--- Information provided Enclosed Below ---
(* Let $X$ be a countable set and let $w$ be an essentially locally finite weight on $X$. Then the pseudo metric $\delta_w$ is discrete, i.e. $(X,\delta_w)$ is a discrete space.
   Context: A weight on $X$ is a symmetric function $w:X\times X\to[0,\infty]$ with $w(x,y)=0$ if and only if $x=y$. It is essentially locally finite if $\#\{y\in X\mid w(x,y)<R\}<\infty$ for all $x\in X$ and $R>0$. A path from $x$ to $y$ is a finite sequence $(x_0,\dots,x_n)$ of pairwise distinct elements of $X$ with $x_0=x$, $x_n=y$, and $\delta_w(x,y):=\inf\{\sum_{i=1}^n w(x_{i-1},x_i)\mid (x_0,\dots,x_n)\text{ a path from }x\text{ to }y\}$ (a pseudo metric, possibly taking the value $\infty$). *)

theory Defs
  imports "HOL-Analysis.Analysis" "HOL-Library.Extended_Nonnegative_Real"
begin

text \<open>A weight on the set X (represented by the type 'a), values in [0,\<infinity>].\<close>
definition is_weight :: "('a \<Rightarrow> 'a \<Rightarrow> ennreal) \<Rightarrow> bool" where
  "is_weight w \<longleftrightarrow> (\<forall>x y. w x y = w y x) \<and> (\<forall>x y. w x y = 0 \<longleftrightarrow> x = y)"

definition ess_locally_finite :: "('a \<Rightarrow> 'a \<Rightarrow> ennreal) \<Rightarrow> bool" where
  "ess_locally_finite w \<longleftrightarrow> (\<forall>x. \<forall>R::real. R > 0 \<longrightarrow> finite {y. w x y < ennreal R})"

definition is_path :: "'a list \<Rightarrow> 'a \<Rightarrow> 'a \<Rightarrow> bool" where
  "is_path p x y \<longleftrightarrow> p \<noteq> [] \<and> distinct p \<and> hd p = x \<and> last p = y"

definition path_length :: "('a \<Rightarrow> 'a \<Rightarrow> ennreal) \<Rightarrow> 'a list \<Rightarrow> ennreal" where
  "path_length w p = sum_list (map (\<lambda>(a, b). w a b) (zip p (tl p)))"

definition delta_w :: "('a \<Rightarrow> 'a \<Rightarrow> ennreal) \<Rightarrow> 'a \<Rightarrow> 'a \<Rightarrow> ennreal" where
  "delta_w w x y = (INF p \<in> {p. is_path p x y}. path_length w p)"

definition pm_open :: "('a \<Rightarrow> 'a \<Rightarrow> ennreal) \<Rightarrow> 'a set \<Rightarrow> bool" where
  "pm_open d U \<longleftrightarrow> (\<forall>x\<in>U. \<exists>\<epsilon>::real. \<epsilon> > 0 \<and> {y. d x y < ennreal \<epsilon>} \<subseteq> U)"

definition pm_discrete :: "('a \<Rightarrow> 'a \<Rightarrow> ennreal) \<Rightarrow> bool" where
  "pm_discrete d \<longleftrightarrow> (\<forall>U. pm_open d U)"

end

theory Submission
  imports Defs
begin

text \<open>
  By essential local finiteness only finitely many points z have weight w x z < 1, and each of
  them with z \<noteq> x has positive weight; hence the weights w x z with z \<noteq> x are bounded below
  by some \<epsilon> > 0. A path from x to a point y \<noteq> x starts with such a step, so
  delta_w x y \<ge> \<epsilon>, and the delta_w-ball of radius \<epsilon> around x is {x}.
\<close>

lemma ess_locally_finite_weight_bounded_below:
  assumes "is_weight w" and "ess_locally_finite w"
  obtains \<epsilon> :: real where "\<epsilon> > 0" and "\<And>z. z \<noteq> x \<Longrightarrow> ennreal \<epsilon> \<le> w x z"
proof -
  define S where "S = {z. w x z < 1} - {x}"
  have "finite {z. w x z < 1}"
    using assms(2) unfolding ess_locally_finite_def by (metis ennreal_1 zero_less_one)
  then have "finite S"
    unfolding S_def by simp
  define m where "m = Min (insert 1 (w x ` S))"
  have m_le: "m \<le> 1" "\<And>z. z \<in> S \<Longrightarrow> m \<le> w x z"
    unfolding m_def using \<open>finite S\<close> by (auto intro: Min_le)
  have "w x z > 0" if "z \<in> S" for z
    using that assms(1) unfolding S_def is_weight_def by (auto simp: zero_less_iff_neq_zero)
  then have "m > 0"
    unfolding m_def using \<open>finite S\<close> by (subst Min_gr_iff) auto
  have "m < top"
    using m_le(1) by (metis ennreal_1 ennreal_less_top le_less_trans)
  then have m_eq: "ennreal (enn2real m) = m"
    by simp
  show ?thesis
  proof
    show "enn2real m > 0"
      using \<open>m > 0\<close> \<open>m < top\<close> by (simp add: enn2real_positive_iff)
  next
    fix z assume "z \<noteq> x"
    show "ennreal (enn2real m) \<le> w x z"
      unfolding m_eq
    proof (cases "z \<in> S")
      case True
      then show "m \<le> w x z" by (rule m_le(2))
    next
      case False
      then have "1 \<le> w x z" using \<open>z \<noteq> x\<close> unfolding S_def by (simp add: not_less)
      with m_le(1) show "m \<le> w x z" by (rule order_trans)
    qed
  qed
qed

lemma path_length_Cons_Cons_ge: "w a b \<le> path_length w (a # b # p)"
  unfolding path_length_def by simp

lemma path_length_ge_first_step:
  assumes "is_path p x y" and "y \<noteq> x"
  obtains z where "z \<noteq> x" and "w x z \<le> path_length w p"
proof -
  obtain q where p: "p = x # q"
    using assms(1) unfolding is_path_def by (cases p) auto
  have "q \<noteq> []"
    using assms unfolding is_path_def p by auto
  then obtain z r where q: "q = z # r"
    by (meson neq_Nil_conv)
  have "z \<noteq> x"
    using assms(1) unfolding is_path_def p q by auto
  moreover have "w x z \<le> path_length w p"
    unfolding p q by (rule path_length_Cons_Cons_ge)
  ultimately show ?thesis
    by (rule that)
qed

lemma delta_w_ge_if_weights_ge:
  assumes "y \<noteq> x" and "\<And>z. z \<noteq> x \<Longrightarrow> e \<le> w x z"
  shows "e \<le> delta_w w x y"
  unfolding delta_w_def
proof (rule INF_greatest)
  fix p assume "p \<in> {p. is_path p x y}"
  then have "is_path p x y" by simp
  then obtain z where "z \<noteq> x" and "w x z \<le> path_length w p"
    using assms(1) by (rule path_length_ge_first_step)
  with assms(2) show "e \<le> path_length w p"
    by (blast intro: order_trans)
qed

lemma pm_discreteI:
  assumes "\<And>x. \<exists>\<epsilon>::real. \<epsilon> > 0 \<and> {y. d x y < ennreal \<epsilon>} \<subseteq> {x}"
  shows "pm_discrete d"
  unfolding pm_discrete_def pm_open_def
proof (intro allI ballI)
  fix U :: "'a set" and x :: 'a
  assume "x \<in> U"
  obtain \<epsilon> :: real where "\<epsilon> > 0" and "{y. d x y < ennreal \<epsilon>} \<subseteq> {x}"
    using assms by blast
  with \<open>x \<in> U\<close> show "\<exists>\<epsilon>::real. \<epsilon> > 0 \<and> {y. d x y < ennreal \<epsilon>} \<subseteq> U"
    by blast
qed

theorem lemma2p2:
  fixes w :: "'a \<Rightarrow> 'a \<Rightarrow> ennreal"
  assumes "countable (UNIV :: 'a set)"
    and "is_weight w"
    and "ess_locally_finite w"
  shows "pm_discrete (delta_w w)"
proof (rule pm_discreteI)
  fix x
  obtain \<epsilon> :: real where "\<epsilon> > 0" and \<epsilon>: "\<And>z. z \<noteq> x \<Longrightarrow> ennreal \<epsilon> \<le> w x z"
    using ess_locally_finite_weight_bounded_below[OF assms(2,3), where x = x] by blast
  have "{y. delta_w w x y < ennreal \<epsilon>} \<subseteq> {x}"
    using delta_w_ge_if_weights_ge[of _ x "ennreal \<epsilon>" w] \<epsilon> by (auto simp: not_less[symmetric])
  with \<open>\<epsilon> > 0\<close> show "\<exists>\<epsilon>::real. \<epsilon> > 0 \<and> {y. delta_w w x y < ennreal \<epsilon>} \<subseteq> {x}"
    by blast
qed

end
--- End of Enclosed Information provided ---
*Task*.
The required output is the exact run of lines from the beginning of the records to the line with "p = sum_list", that line included.

*Solution for this task*.
(* Let $X$ be a countable set and let $w$ be an essentially locally finite weight on $X$. Then the pseudo metric $\delta_w$ is discrete, i.e. $(X,\delta_w)$ is a discrete space.
   Context: A weight on $X$ is a symmetric function $w:X\times X\to[0,\infty]$ with $w(x,y)=0$ if and only if $x=y$. It is essentially locally finite if $\#\{y\in X\mid w(x,y)<R\}<\infty$ for all $x\in X$ and $R>0$. A path from $x$ to $y$ is a finite sequence $(x_0,\dots,x_n)$ of pairwise distinct elements of $X$ with $x_0=x$, $x_n=y$, and $\delta_w(x,y):=\inf\{\sum_{i=1}^n w(x_{i-1},x_i)\mid (x_0,\dots,x_n)\text{ a path from }x\text{ to }y\}$ (a pseudo metric, possibly taking the value $\infty$). *)

theory Defs
  imports "HOL-Analysis.Analysis" "HOL-Library.Extended_Nonnegative_Real"
begin

text \<open>A weight on the set X (represented by the type 'a), values in [0,\<infinity>].\<close>
definition is_weight :: "('a \<Rightarrow> 'a \<Rightarrow> ennreal) \<Rightarrow> bool" where
  "is_weight w \<longleftrightarrow> (\<forall>x y. w x y = w y x) \<and> (\<forall>x y. w x y = 0 \<longleftrightarrow> x = y)"

definition ess_locally_finite :: "('a \<Rightarrow> 'a \<Rightarrow> ennreal) \<Rightarrow> bool" where
  "ess_locally_finite w \<longleftrightarrow> (\<forall>x. \<forall>R::real. R > 0 \<longrightarrow> finite {y. w x y < ennreal R})"

definition is_path :: "'a list \<Rightarrow> 'a \<Rightarrow> 'a \<Rightarrow> bool" where
  "is_path p x y \<longleftrightarrow> p \<noteq> [] \<and> distinct p \<and> hd p = x \<and> last p = y"

definition path_length :: "('a \<Rightarrow> 'a \<Rightarrow> ennreal) \<Rightarrow> 'a list \<Rightarrow> ennreal" where
  "path_length w p = sum_list (map (\<lambda>(a, b). w a b) (zip p (tl p)))"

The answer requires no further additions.